The Waterfront Regeneration Trust coordinates trail-wide initiatives such as signage and promotion (events and website and media coverage of the GWTA This is an effective and low-cost way to promote the Waterfront Trail, its 41 community partners and the many businesses, restaurants and accommodations along the way. In fact promoting local business is an organizing principle of the event.

Rest Stop organization and significant political participation in the GWTA demonstrates the commitment of the partnership. Consistently over the 4 years of the GWTA, there have been about 30 to 40 political representatives from all levels of government participating.
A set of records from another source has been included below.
lemma small_oscillation_near:
  assumes osc: "small_oscillation Y P T \<epsilon>" and u: "u + \<eta> \<le> T" "\<forall>p\<in>P. p \<le> u - \<eta> \<or> u + \<eta> < p"
    and ab: "0 \<le> a" "0 \<le> b" "\<bar>a - u\<bar> \<le> \<eta>" "\<bar>b - u\<bar> \<le> \<eta>"
  shows "dBL (Y a) (Y b) < \<epsilon>"
proof -
  have ordered: "dBL (Y x) (Y y) < \<epsilon>" if "0 \<le> x" "x \<le> y" "\<bar>x - u\<bar> \<le> \<eta>" "\<bar>y - u\<bar> \<le> \<eta>" for x y
    using osc u that unfolding small_oscillation_def abs_le_iff by force
  show ?thesis
  proof (cases "a \<le> b")
    case False
    then show ?thesis using ordered[of b a] ab dBL_commute[of "Y a" "Y b"] by simp
  qed (use ordered ab in blast)
qed

lemma dS_le_if_close:
  assumes XMF: "\<And>t. t \<ge> 0 \<Longrightarrow> X t \<in> MF" and YMF: "\<And>t. t \<ge> 0 \<Longrightarrow> Y t \<in> MF"
    and l: "l \<in> LamSet" and dev: "\<And>t. t \<ge> 0 \<Longrightarrow> \<bar>l t - t\<bar> \<le> \<eta>" and \<eta>: "\<eta> \<ge> 0"
    and close: "\<And>t. t \<ge> 0 \<Longrightarrow> dBL (X t) (Y (l t)) \<le> \<epsilon>"
    and P: "finite P" and osc: "small_oscillation Y P T \<epsilon>"
  shows "dS X Y \<le> max (gammaL l) (2 * \<epsilon> + 2 * \<eta> * card P + exp (- (T - \<eta>)))"
proof -
  have \<epsilon>: "0 \<le> \<epsilon>"
    using close[of 0] dBL_nonneg[OF XMF YMF] LamSet_nonneg[OF l, of 0] by fastforce
  let ?G = "\<lambda>u. ennreal (exp (- u) * (2 * \<epsilon>)) * indicator {0..} u + (\<Sum>p\<in>P. indicator {p - \<eta>..p + \<eta>} u)
            + ennreal (exp (- u)) * indicator {T - \<eta>..} u"
  have "indicator {0..} u * ennreal (exp (- u) * dSu X Y l u) \<le> ?G u" for u
  proof (cases "u \<ge> 0")
    case u: True
    have small: "ennreal (exp (- u) * dSu X Y l u) \<le> ennreal (exp (- u))"
      using dSu_le_1[of X Y l u] by (intro ennreal_leI) simp
    consider "u + \<eta> \<le> T" "\<forall>p\<in>P. p \<le> u - \<eta> \<or> u + \<eta> < p" | "T < u + \<eta>"
      | p where "p \<in> P" "u - \<eta> < p" "p \<le> u + \<eta>" by force
    then have "ennreal (exp (- u) * dSu X Y l u) \<le> ?G u"
    proof cases
      case 1
      have "dSu X Y l u \<le> 2 * \<epsilon>"
        using small_oscillation_near[OF osc 1]
        by (intro dSu_le_twice[where X=X and Y=Y and l=l and \<eta>=\<eta> and u=u] XMF YMF l dev close u)
      then have "ennreal (exp (- u) * dSu X Y l u) \<le> ennreal (exp (- u) * (2 * \<epsilon>)) * indicator {0..} u"
        using u by (simp add: ennreal_leI)
      then show ?thesis by (simp add: add.assoc add_increasing2)
    next
      case 2
      then have "ennreal (exp (- u)) \<le> ennreal (exp (- u)) * indicator {T - \<eta>..} u" by simp
      also have "\<dots> \<le> ?G u" by (rule add_increasing) simp_all
      finally show ?thesis using small by (rule order_trans[rotated])
    next
      case 3
      then have "ennreal (exp (- u)) \<le> 1" using u by simp
      also have "1 \<le> (\<Sum>p\<in>P. indicator {p - \<eta>..p + \<eta>} u :: ennreal)"
        using member_le_sum[OF 3(1), of "\<lambda>p. indicator {p - \<eta>..p + \<eta>} u :: ennreal"] 3 P by simp
      also have "\<dots> \<le> ?G u" by (intro add_increasing2 add_increasing) simp_all
      finally show ?thesis using small by (rule order_trans[rotated])
    qed
    then show ?thesis using u by simp
  qed simp
  then have "dSI X Y l \<le> (\<integral>\<^sup>+u. ?G u \<partial>lborel)" unfolding dSI_def by (rule nn_integral_mono)
  also have "\<dots> = ennreal (2 * \<epsilon> + 2 * \<eta> * card P + exp (- (T - \<eta>)))"
    using \<epsilon> by (intro nn_integral_dS_majorant P \<eta>) simp
  finally have "enn2real (dSI X Y l) \<le> 2 * \<epsilon> + 2 * \<eta> * card P + exp (- (T - \<eta>))"
    using \<epsilon> \<eta> by (intro enn2real_leI) auto
  then show ?thesis using dS_le[OF l, of X Y] by linarith
qed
Waterfront Regeneration Trust is now working with communities along Lake Erie to create a Lake Erie Cycling Route that will connect to the Waterfront Trail via the Greater Niagara Circle Route. The result will be a 1200 km cycling route from Windsor to Quebec! And a gateway to the American cycling touring market.

The Waterfront Regeneration Trust raises approximately $50,000 for the Waterfront Trail Collaborative Communications and Promotions Program from the 41 community partners to fund promotional projects such as the GWTA, website, mapbook and signage programs. The City of Burlington, once a leader in the partnership, has not contributed to the CCPP since 2005. Burlington’s participation in CCPP was never handed over to a new staff member once Catharine Talbot retired. The Waterfront Regeneration Trust is requesting that the City renew its particpation. David Crombie made this point when he spoke to the Burlington Waterfront Advisory Committee – but no one sseems to be picking this one up. Mayor Goldring – could this go on your list?